#### [RECORDS]
lemma rel_entropy_eq_suminf:
  fixes P Q :: "nat \<Rightarrow> real"
  assumes P: "\<And>k. 0 \<le> P k" and Q: "\<And>k. Q k > 0" "summable Q"
    and bounded: "\<And>N. (\<Sum>k\<le>N. P k * ln (P k / Q k)) \<le> C"
  shows "summable (\<lambda>k. P k * ln (P k / Q k))"
    and "rel_entropy P Q = ereal (\<Sum>k. P k * ln (P k / Q k))"
proof -
  define a where "a k = P k * ln (P k / Q k)" for k
  \<comment> \<open>\<open>a + Q\<close> is nonnegative with bounded partial sums, which controls \<open>\<bar>a\<bar> \<le> (a + Q) + Q\<close>\<close>
  have aQ: "0 \<le> a k + Q k" for k
    using mult_ln_div_ge[OF P Q(1), of k k] P[of k] unfolding a_def by linarith
  have "(\<Sum>k\<le>N. a k + Q k) \<le> C + suminf Q" for N
    using bounded[of N] sum_le_suminf[OF Q(2), of "{..N}"] Q(1)
    by (simp add: a_def sum.distrib less_imp_le)
  then have "summable (\<lambda>k. a k + Q k)" by (rule bounded_imp_summable[OF aQ])
  then have "summable (\<lambda>k. (a k + Q k) + Q k)" using Q(2) by (rule summable_add)
  moreover have "norm (norm (a k)) \<le> (a k + Q k) + Q k" for k
    using aQ[of k] Q(1)[of k] by simp
  ultimately have "summable (\<lambda>k. norm (a k))" by (rule summable_comparison_test')
  then have "(a has_sum suminf a) UNIV" "summable a"
    using norm_summable_imp_has_sum summable_norm_cancel summable_sums by blast+
  then show "summable (\<lambda>k. P k * ln (P k / Q k))"
    and "rel_entropy P Q = ereal (\<Sum>k. P k * ln (P k / Q k))"
    using Q(1) has_sum_imp_summable infsumI
    unfolding a_def[abs_def] rel_entropy_def by (auto simp: less_imp_neq[symmetric])
qed

lemma rel_entropy_poisson_le:
  fixes P :: "nat pmf"
  assumes lam: "lam > 0" and down: "\<And>k. pmf P k = 0 \<Longrightarrow> pmf P (Suc k) = 0"
    and summable: "summable (fisher_term (pmf P) lam)"
  shows "rel_entropy (pmf P) (poisson lam) \<le> ereal (lam * suminf (fisher_term (pmf P) lam))"
proof -
  define a where "a k = pmf P k * ln (pmf P k / poisson lam k)" for k
  define S where "S N = (\<Sum>k\<le>N. pmf P k)" for N
  define T where "T = suminf (fisher_term (pmf P) lam)"
  have "(\<Sum>k<N. fisher_term (pmf P) lam k) \<le> T" for N
    unfolding T_def by (intro sum_le_suminf summable fisher_term_nonneg) auto
  then have Fisher_le: "lam * (\<Sum>k<N. fisher_term (pmf P) lam k) \<le> lam * T" for N
    using lam by (intro mult_left_mono) auto
  have truncation: "(\<Sum>k\<le>N. a k) - S N * ln (S N)
      \<le> lam * (\<Sum>k<N. fisher_term (pmf P) lam k) + lam * pmf P N" for N
    unfolding a_def S_def
    by (rule entropy_truncation_le[OF lam]) (use down pmf_0_pos_if_support_downward_closed in auto)
  have partial_sum_le: "(\<Sum>k\<le>N. a k) \<le> lam * T + lam * pmf P N + S N * ln (S N)" for N
    using truncation[of N] Fisher_le[of N] by linarith
  have "S N \<le> 1" for N
    unfolding S_def by (rule pmf_partial_sums)
  moreover have "S N > 0" for N
    using member_le_sum[of 0 "{..N}" "pmf P"] pmf_0_pos_if_support_downward_closed[OF down]
    by (simp add: S_def)
  ultimately have "S N * ln (S N) \<le> 0" for N
    by (meson less_imp_le ln_le_zero_iff mult_nonneg_nonpos)
  moreover have "lam * pmf P N \<le> lam" for N
    using pmf_le_1[of P N] lam by (simp add: mult_left_le)
  ultimately have "(\<Sum>k\<le>N. a k) \<le> lam * T + lam" for N
    using partial_sum_le by (smt (verit))
  then have "summable a" and RE: "rel_entropy (pmf P) (poisson lam) = ereal (suminf a)"
    using rel_entropy_eq_suminf[of "pmf P" "poisson lam"] poisson_pos[OF lam] summable_poisson[OF lam]
    unfolding a_def[abs_def] by auto
  have "(\<lambda>N. \<Sum>k\<le>N. a k) \<longlonglongrightarrow> suminf a"
    by (rule summable_LIMSEQ'[OF \<open>summable a\<close>])
  moreover have "(\<lambda>N. lam * T + lam * pmf P N + S N * ln (S N)) \<longlonglongrightarrow> lam * T + lam * 0 + 1 * ln 1"
    unfolding S_def
    by (intro tendsto_intros pmf_partial_sums summable_LIMSEQ_zero[OF sums_summable[OF pmf_sums_1]]) simp
  ultimately have "suminf a \<le> lam * T + lam * 0 + 1 * ln 1"
    using partial_sum_le by (intro LIMSEQ_le) auto
  then show ?thesis unfolding RE T_def by simp
qed

theorem proposition2:
  fixes P :: "nat pmf" and lam :: real
  assumes "integrable (measure_pmf P) real"
    and "lam = measure_pmf.expectation P real"
    and "lam > 0"
    and "(\<forall>k. pmf P k > 0) \<or> (\<exists>N. \<forall>k>N. pmf P k = 0)"
  shows "rel_entropy (pmf P) (poisson lam) \<le> enn2ereal (scaled_fisher (pmf P) lam)"
proof (cases "\<exists>x. pmf P x = 0 \<and> pmf P (Suc x) > 0")
  case True
  then show ?thesis using scaled_fisher_eq_top[OF \<open>lam > 0\<close>] by auto
next
  case False
  then have down: "pmf P k = 0 \<Longrightarrow> pmf P (Suc k) = 0" for k
    using pmf_nonneg[of P "Suc k"] by (auto simp: le_less)
  show ?thesis
  proof (cases "summable (fisher_term (pmf P) lam)")
    case True
    then show ?thesis
      using rel_entropy_poisson_le[OF \<open>lam > 0\<close> down True] scaled_fisher_eq[of lam "pmf P"]
        \<open>lam > 0\<close> down suminf_nonneg[OF True fisher_term_nonneg[OF pmf_nonneg]]
      by simp
  next
    case False
    then show ?thesis using scaled_fisher_eq[of lam "pmf P"] \<open>lam > 0\<close> down by simp
  qed
qed

end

#### [TASK GOAL]
Print every line you see above, exactly as written.

#### [ANSWER SPACE]
lemma rel_entropy_eq_suminf:
  fixes P Q :: "nat \<Rightarrow> real"
  assumes P: "\<And>k. 0 \<le> P k" and Q: "\<And>k. Q k > 0" "summable Q"
    and bounded: "\<And>N. (\<Sum>k\<le>N. P k * ln (P k / Q k)) \<le> C"
  shows "summable (\<lambda>k. P k * ln (P k / Q k))"
    and "rel_entropy P Q = ereal (\<Sum>k. P k * ln (P k / Q k))"
proof -
  define a where "a k = P k * ln (P k / Q k)" for k
  \<comment> \<open>\<open>a + Q\<close> is nonnegative with bounded partial sums, which controls \<open>\<bar>a\<bar> \<le> (a + Q) + Q\<close>\<close>
  have aQ: "0 \<le> a k + Q k" for k
    using mult_ln_div_ge[OF P Q(1), of k k] P[of k] unfolding a_def by linarith
  have "(\<Sum>k\<le>N. a k + Q k) \<le> C + suminf Q" for N
    using bounded[of N] sum_le_suminf[OF Q(2), of "{..N}"] Q(1)
    by (simp add: a_def sum.distrib less_imp_le)
  then have "summable (\<lambda>k. a k + Q k)" by (rule bounded_imp_summable[OF aQ])
  then have "summable (\<lambda>k. (a k + Q k) + Q k)" using Q(2) by (rule summable_add)
  moreover have "norm (norm (a k)) \<le> (a k + Q k) + Q k" for k
    using aQ[of k] Q(1)[of k] by simp
  ultimately have "summable (\<lambda>k. norm (a k))" by (rule summable_comparison_test')
  then have "(a has_sum suminf a) UNIV" "summable a"
    using norm_summable_imp_has_sum summable_norm_cancel summable_sums by blast+
  then show "summable (\<lambda>k. P k * ln (P k / Q k))"
    and "rel_entropy P Q = ereal (\<Sum>k. P k * ln (P k / Q k))"
    using Q(1) has_sum_imp_summable infsumI
    unfolding a_def[abs_def] rel_entropy_def by (auto simp: less_imp_neq[symmetric])
qed

lemma rel_entropy_poisson_le:
  fixes P :: "nat pmf"
  assumes lam: "lam > 0" and down: "\<And>k. pmf P k = 0 \<Longrightarrow> pmf P (Suc k) = 0"
    and summable: "summable (fisher_term (pmf P) lam)"
  shows "rel_entropy (pmf P) (poisson lam) \<le> ereal (lam * suminf (fisher_term (pmf P) lam))"
proof -
  define a where "a k = pmf P k * ln (pmf P k / poisson lam k)" for k
  define S where "S N = (\<Sum>k\<le>N. pmf P k)" for N
  define T where "T = suminf (fisher_term (pmf P) lam)"
  have "(\<Sum>k<N. fisher_term (pmf P) lam k) \<le> T" for N
    unfolding T_def by (intro sum_le_suminf summable fisher_term_nonneg) auto
  then have Fisher_le: "lam * (\<Sum>k<N. fisher_term (pmf P) lam k) \<le> lam * T" for N
    using lam by (intro mult_left_mono) auto
  have truncation: "(\<Sum>k\<le>N. a k) - S N * ln (S N)
      \<le> lam * (\<Sum>k<N. fisher_term (pmf P) lam k) + lam * pmf P N" for N
    unfolding a_def S_def
    by (rule entropy_truncation_le[OF lam]) (use down pmf_0_pos_if_support_downward_closed in auto)
  have partial_sum_le: "(\<Sum>k\<le>N. a k) \<le> lam * T + lam * pmf P N + S N * ln (S N)" for N
    using truncation[of N] Fisher_le[of N] by linarith
  have "S N \<le> 1" for N
    unfolding S_def by (rule pmf_partial_sums)
  moreover have "S N > 0" for N
    using member_le_sum[of 0 "{..N}" "pmf P"] pmf_0_pos_if_support_downward_closed[OF down]
    by (simp add: S_def)
  ultimately have "S N * ln (S N) \<le> 0" for N
    by (meson less_imp_le ln_le_zero_iff mult_nonneg_nonpos)
  moreover have "lam * pmf P N \<le> lam" for N
    using pmf_le_1[of P N] lam by (simp add: mult_left_le)
  ultimately have "(\<Sum>k\<le>N. a k) \<le> lam * T + lam" for N
    using partial_sum_le by (smt (verit))
  then have "summable a" and RE: "rel_entropy (pmf P) (poisson lam) = ereal (suminf a)"
    using rel_entropy_eq_suminf[of "pmf P" "poisson lam"] poisson_pos[OF lam] summable_poisson[OF lam]
    unfolding a_def[abs_def] by auto
  have "(\<lambda>N. \<Sum>k\<le>N. a k) \<longlonglongrightarrow> suminf a"
    by (rule summable_LIMSEQ'[OF \<open>summable a\<close>])
  moreover have "(\<lambda>N. lam * T + lam * pmf P N + S N * ln (S N)) \<longlonglongrightarrow> lam * T + lam * 0 + 1 * ln 1"
    unfolding S_def
    by (intro tendsto_intros pmf_partial_sums summable_LIMSEQ_zero[OF sums_summable[OF pmf_sums_1]]) simp
  ultimately have "suminf a \<le> lam * T + lam * 0 + 1 * ln 1"
    using partial_sum_le by (intro LIMSEQ_le) auto
  then show ?thesis unfolding RE T_def by simp
qed

theorem proposition2:
  fixes P :: "nat pmf" and lam :: real
  assumes "integrable (measure_pmf P) real"
    and "lam = measure_pmf.expectation P real"
    and "lam > 0"
    and "(\<forall>k. pmf P k > 0) \<or> (\<exists>N. \<forall>k>N. pmf P k = 0)"
  shows "rel_entropy (pmf P) (poisson lam) \<le> enn2ereal (scaled_fisher (pmf P) lam)"
proof (cases "\<exists>x. pmf P x = 0 \<and> pmf P (Suc x) > 0")
  case True
  then show ?thesis using scaled_fisher_eq_top[OF \<open>lam > 0\<close>] by auto
next
  case False
  then have down: "pmf P k = 0 \<Longrightarrow> pmf P (Suc k) = 0" for k
    using pmf_nonneg[of P "Suc k"] by (auto simp: le_less)
  show ?thesis
  proof (cases "summable (fisher_term (pmf P) lam)")
    case True
    then show ?thesis
      using rel_entropy_poisson_le[OF \<open>lam > 0\<close> down True] scaled_fisher_eq[of lam "pmf P"]
        \<open>lam > 0\<close> down suminf_nonneg[OF True fisher_term_nonneg[OF pmf_nonneg]]
      by simp
  next
    case False
    then show ?thesis using scaled_fisher_eq[of lam "pmf P"] \<open>lam > 0\<close> down by simp
  qed
qed

end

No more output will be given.